Es gibt ein Dutzend Menschen in meinem Bekanntenkreis, die für mich den Standardbürger an sich personifizieren. Das hat sich ohne speziellen Vorsatz so eingestellt: Meine leibhaftigen Nachbarn Frank und Nicole (alle natürlich anonymisiert) repräsentieren für mich den unterschichtigen Normalbürger, Onkel Rudolf und seine Frau den idealtypischen Kleinbürger, Jens und Mareike samt Anhang die urbane Familie und so weiter. Ich stelle mir gern konkret vor, wie, wann und inwiefern diese und jene Botschaft des Zeitgeists zu diesen Leuten vordringt.
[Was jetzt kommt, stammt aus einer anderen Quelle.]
lemma value_fn_bellman:
  "value_fn K c \<gamma> p x =
     measure_pmf.expectation (p x) (\<lambda>a. c x a + \<gamma> * measure_pmf.expectation (K x a) (value_fn K c \<gamma> p))"
proof -
  let ?step = "bind_pmf (p x) (K x)"
  have "value_fn K c \<gamma> p x - expected_cost K p c 0 x
          = (\<Sum>t. \<gamma> ^ Suc t * expected_cost K p c (Suc t) x)"
    unfolding value_fn_expected_cost using suminf_split_head[OF summable_value_fn] by simp
  also have "\<dots> = \<gamma> * (\<Sum>t. \<gamma> ^ t * measure_pmf.expectation ?step (expected_cost K p c t))"
    using summable_discounted[OF discount_nonneg discount_less_1,
        of "\<lambda>t. measure_pmf.expectation ?step (expected_cost K p c t)"]
      expectation_pmf_bounds[of 0 "expected_cost K p c _" 1] expected_cost_bounds
    by (subst suminf_mult[symmetric]) (auto simp: expected_cost_Suc mult.assoc abs_le_iff)
  also have "\<dots> = \<gamma> * measure_pmf.expectation ?step (value_fn K c \<gamma> p)"
    by (simp add: expectation_value_fn)
  finally show ?thesis
    using expectation_backup[of "value_fn K c \<gamma> p" "1 / (1 - \<gamma>)" p x, OF abs_value_fn_le] by linarith
qed

lemma value_fn_le_supersolution:
  assumes nonneg: "\<And>y. 0 \<le> W y" and bounded: "\<And>y. W y \<le> B"
    and super: "\<And>y. measure_pmf.expectation (p y)
                  (\<lambda>a. c y a + \<gamma> * measure_pmf.expectation (K y a) W) \<le> W y"
  shows "value_fn K c \<gamma> p x \<le> W x"
proof -
  have abs_W: "\<bar>W y\<bar> \<le> B" for y
    using nonneg[of y] bounded[of y] by simp
  have "(\<Sum>t<n. \<gamma> ^ t * expected_cost K p c t y) \<le> W y" for n y
  proof (induction n arbitrary: y)
    case 0
    then show ?case using nonneg by simp
  next
    case (Suc n)
    let ?step = "bind_pmf (p y) (K y)" and ?g = "\<lambda>t z. \<gamma> ^ t * expected_cost K p c t z"
    have int: "integrable (measure_pmf ?step) (?g t)" for t
      by (intro integrable_mult_right integrable_measure_pmf_bounded[OF abs_expected_cost_le])
    have "(\<Sum>t<Suc n. ?g t y) = expected_cost K p c 0 y + \<gamma> * (\<Sum>t<n. measure_pmf.expectation ?step (?g t))"
      by (simp add: sum.lessThan_Suc_shift expected_cost_Suc sum_distrib_left mult.assoc del: sum.lessThan_Suc)
    also have "(\<Sum>t<n. measure_pmf.expectation ?step (?g t))
                 = measure_pmf.expectation ?step (\<lambda>z. \<Sum>t<n. ?g t z)"
      by (rule Bochner_Integration.integral_sum[symmetric]) (rule int)
    also have "\<dots> \<le> measure_pmf.expectation ?step W"
      by (rule integral_mono) (auto intro: Suc.IH integrable_measure_pmf_bounded[OF abs_W] int)
    also have "expected_cost K p c 0 y + \<gamma> * measure_pmf.expectation ?step W \<le> W y"
      using super[of y] expectation_backup[of W B p y, OF abs_W] by linarith
    finally show ?case
      using discount_nonneg by (simp add: mult_left_mono)
  qed
  then show ?thesis
    unfolding value_fn_expected_cost by (rule suminf_le_const[OF summable_value_fn])
qed

end

locale safety_mdp = discounted_cost P "cost s_tri" \<gamma>
  for P :: "'s \<Rightarrow> 'a \<Rightarrow> 's pmf" and s_tri :: 's and \<gamma> :: real +
  fixes s_circ :: 's and pibar :: "'s \<Rightarrow> 'a pmf"
  assumes distinct: "s_tri \<noteq> s_circ"
    and tri_to_circ: "\<And>a. P s_tri a = return_pmf s_circ"
    and circ_absorb: "\<And>a. P s_circ a = return_pmf s_circ"
    and optimal: "\<And>\<pi> s. value_fn P (cost s_tri) \<gamma> pibar s \<le> value_fn P (cost s_tri) \<gamma> \<pi> s"
begin

abbreviation "Vopt \<equiv> value_fn P (cost s_tri) \<gamma> pibar"
abbreviation "Qopt \<equiv> qvalue P (cost s_tri) \<gamma> pibar"
lemma cnj_swaps_primes_above:
  assumes primes: "{P. O_prime_ideal d P \<and> of_nat p \<in> P} = {P1, P2}" and "P1 \<noteq> P2" and "prime p"
  shows "cnj ` P1 = P2"
proof (rule ccontr)
  have prime_above: "O_prime_ideal d P" "of_nat p \<in> P" if "P \<in> {P1, P2}" for P
    using that unfolding primes[symmetric] by simp_all
  have above: "cnj ` P \<in> {P1, P2}" if "P \<in> {P1, P2}" for P
  proof -
    have "O_prime_ideal d (cnj ` P)" "of_nat p \<in> cnj ` P"
      using prime_above[OF that] O_prime_ideal_cnj_image by (auto simp: cnj_image_iff)
    thus ?thesis unfolding primes[symmetric] by simp
  qed
  have subset: "P \<subseteq> Q" if "P \<in> {P1, P2}" "Q \<in> {P1, P2}" "cnj ` P = P" for P Q
    using cnj_invariant_ideal_subset_prime[OF _ _ \<open>cnj ` P = P\<close> prime_above(2)[OF that(1)]
        prime_above[OF that(2)] \<open>prime p\<close>] prime_above(1)[OF that(1)]
    unfolding O_prime_ideal_def by blast
  assume "cnj ` P1 \<noteq> P2"
  hence "cnj ` P1 = P1" using above[of P1] by blast
  moreover have "cnj ` P2 = P2"
    using above[of P2] \<open>cnj ` P1 = P1\<close> \<open>P1 \<noteq> P2\<close> cnj_image_cnj_image[of P2] by auto
  ultimately have "P1 \<subseteq> P2" "P2 \<subseteq> P1" using subset by auto
  with \<open>P1 \<noteq> P2\<close> show False by blast
qed

lemma unary_repr_by_I_cnj_image:
  assumes "unary_repr_by_I d I c m"
  shows "unary_repr_by_I d (cnj ` I) c m"
proof -
  obtain f where f1: "f ` I \<subseteq> Ovec d m" and f2: "inj_on f I"
    and f3: "\<forall>x\<in>I. \<forall>y\<in>I. f (x + y) = (\<lambda>i. f x i + f y i)"
    and f4: "\<forall>a\<in>OK d. \<forall>x\<in>I. f (a * x) = (\<lambda>i. a * f x i)"
    and f5: "\<forall>x\<in>I. \<forall>y\<in>I. (\<Sum>i<m. f x i * cnj (f y i)) = x * cnj y * of_real c"
    using assms unfolding unary_repr_by_I_def by blast
  define g where "g x = (\<lambda>i. cnj (f (cnj x) i))" for x
  show ?thesis unfolding unary_repr_by_I_def
  proof (intro exI[of _ g] conjI ballI)
    show "g ` cnj ` I \<subseteq> Ovec d m"
    proof
      fix w assume "w \<in> g ` cnj ` I"
      then obtain x where x: "x \<in> I" "w = g (cnj x)" by blast
      have "f x \<in> Ovec d m" using f1 x(1) by blast
      thus "w \<in> Ovec d m" using x(2) unfolding Ovec_def g_def by simp
    qed
    show "inj_on g (cnj ` I)"
    proof
      fix x y assume xy: "x \<in> cnj ` I" "y \<in> cnj ` I" "g x = g y"
      have "f (cnj x) i = f (cnj y) i" for i
        using fun_cong[OF xy(3), of i] unfolding g_def by simp
      hence "f (cnj x) = f (cnj y)" by blast
      hence "cnj x = cnj y" using f2 xy(1,2) unfolding inj_on_def cnj_image_iff by blast
      thus "x = y" by simp
    qed
  next
    fix x y assume "x \<in> cnj ` I" "y \<in> cnj ` I"
    thus "g (x + y) = (\<lambda>i. g x i + g y i)" using f3 unfolding g_def cnj_image_iff by simp
  next
    fix a x assume "a \<in> OK d" "x \<in> cnj ` I"
    thus "g (a * x) = (\<lambda>i. a * g x i)" using f4 unfolding g_def cnj_image_iff by simp
  next
    fix x y assume xy: "x \<in> cnj ` I" "y \<in> cnj ` I"
    have "(\<Sum>i<m. g x i * cnj (g y i)) = cnj (\<Sum>i<m. f (cnj x) i * cnj (f (cnj y) i))"
      unfolding g_def by (simp add: cnj_sum)
    also have "\<dots> = cnj (cnj x * cnj (cnj y) * of_real c)"
      using f5 xy unfolding cnj_image_iff by simp
    finally show "(\<Sum>i<m. g x i * cnj (g y i)) = x * cnj y * of_real c" by simp
  qed
qed

lemma unary_pos_def_integral_cnj_image:
  assumes "unary_pos_def_integral d I c"
  shows "unary_pos_def_integral d (cnj ` I) c"
proof -
  have pos: "\<forall>x\<in>I. x \<noteq> 0 \<longrightarrow> (\<exists>n::int. n > 0 \<and> x * cnj x * of_real c = of_int n)"
    and integral: "\<forall>x\<in>I. \<forall>y\<in>I. x * cnj y * of_real c \<in> OK d"
    using assms unfolding unary_pos_def_integral_def by auto
  have "\<exists>n::int. n > 0 \<and> x * cnj x * of_real c = of_int n" if x: "cnj x \<in> I" "x \<noteq> 0" for x
  proof -
    obtain n :: int where "n > 0" "cnj x * x * of_real c = of_int n"
      using pos[rule_format, OF x(1)] x(2) by auto
    thus ?thesis by (intro exI[of _ n]) (simp add: mult.commute)
  qed
  moreover have "x * cnj y * of_real c \<in> OK d" if "cnj x \<in> I" "cnj y \<in> I" for x y
  proof -
    have "cnj x * cnj (cnj y) * of_real c \<in> OK d"
      using integral that by blast
    also have "cnj x * cnj (cnj y) * of_real c = cnj (x * cnj y * of_real c)" by simp
    finally show ?thesis by (simp only: OK_cnj_iff)
  qed
  ultimately show ?thesis unfolding unary_pos_def_integral_def Ball_def cnj_image_iff by blast
qed

theorem lemma2:
  fixes d p :: nat and P1 P2 :: "complex set"
  assumes "d > 0" and "squarefree d"
    and "prime p" and "splits d p"
    and "{P. O_prime_ideal d P \<and> of_nat p \<in> P} = {P1, P2}" and "P1 \<noteq> P2"
  shows "(\<forall>r m :: nat. r > 0 \<longrightarrow> m > 0 \<longrightarrow>
            (unary_repr_by_I d P1 (real r / real p) m \<longleftrightarrow> unary_repr_by_I d P2 (real r / real p) m))
       \<and> {r :: nat. r > 0 \<and> in_S1 d P1 (real r / real p)}
           = {r :: nat. r > 0 \<and> in_S1 d P2 (real r / real p)}"
proof -
  have swap: "cnj ` P1 = P2" "cnj ` P2 = P1"
    using cnj_swaps_primes_above[OF assms(5,6,3)] by auto
  have repr: "unary_repr_by_I d P1 c m \<longleftrightarrow> unary_repr_by_I d P2 c m" for c m
    using unary_repr_by_I_cnj_image[of d P1 c m] unary_repr_by_I_cnj_image[of d P2 c m]
    unfolding swap by blast
  have "unary_pos_def_integral d P1 c \<longleftrightarrow> unary_pos_def_integral d P2 c" for c
    using unary_pos_def_integral_cnj_image[of d P1 c] unary_pos_def_integral_cnj_image[of d P2 c]
    unfolding swap by blast
  hence "in_S1 d P1 c \<longleftrightarrow> in_S1 d P2 c" for c
    unfolding in_S1_def using repr by simp
  thus ?thesis using repr by simp
qed

end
Wie sie den jeweiligen Trend in ihr Weltbild und ihre „eigene Meinung“ implementieren. Höre ich beispielsweise von einem zuschauerträchtigen TV-Melodram, in dem die sogenannte Unterdrückung der Frau im ausgehenden 20. Jahrhundert bildmächtig thematisiert wird, muß ich unwillkürlich an die konkrete „Frau Müller“ denken, von der ich ahne, daß sie das anschaut, daß sie die flankierende Bildzeitungs-Notiz liest und von der ich weiß, wie sie diese Erkenntnisse („Frauen waren ja damals nur Abschaum!“) in ihr Weltwissen fügt.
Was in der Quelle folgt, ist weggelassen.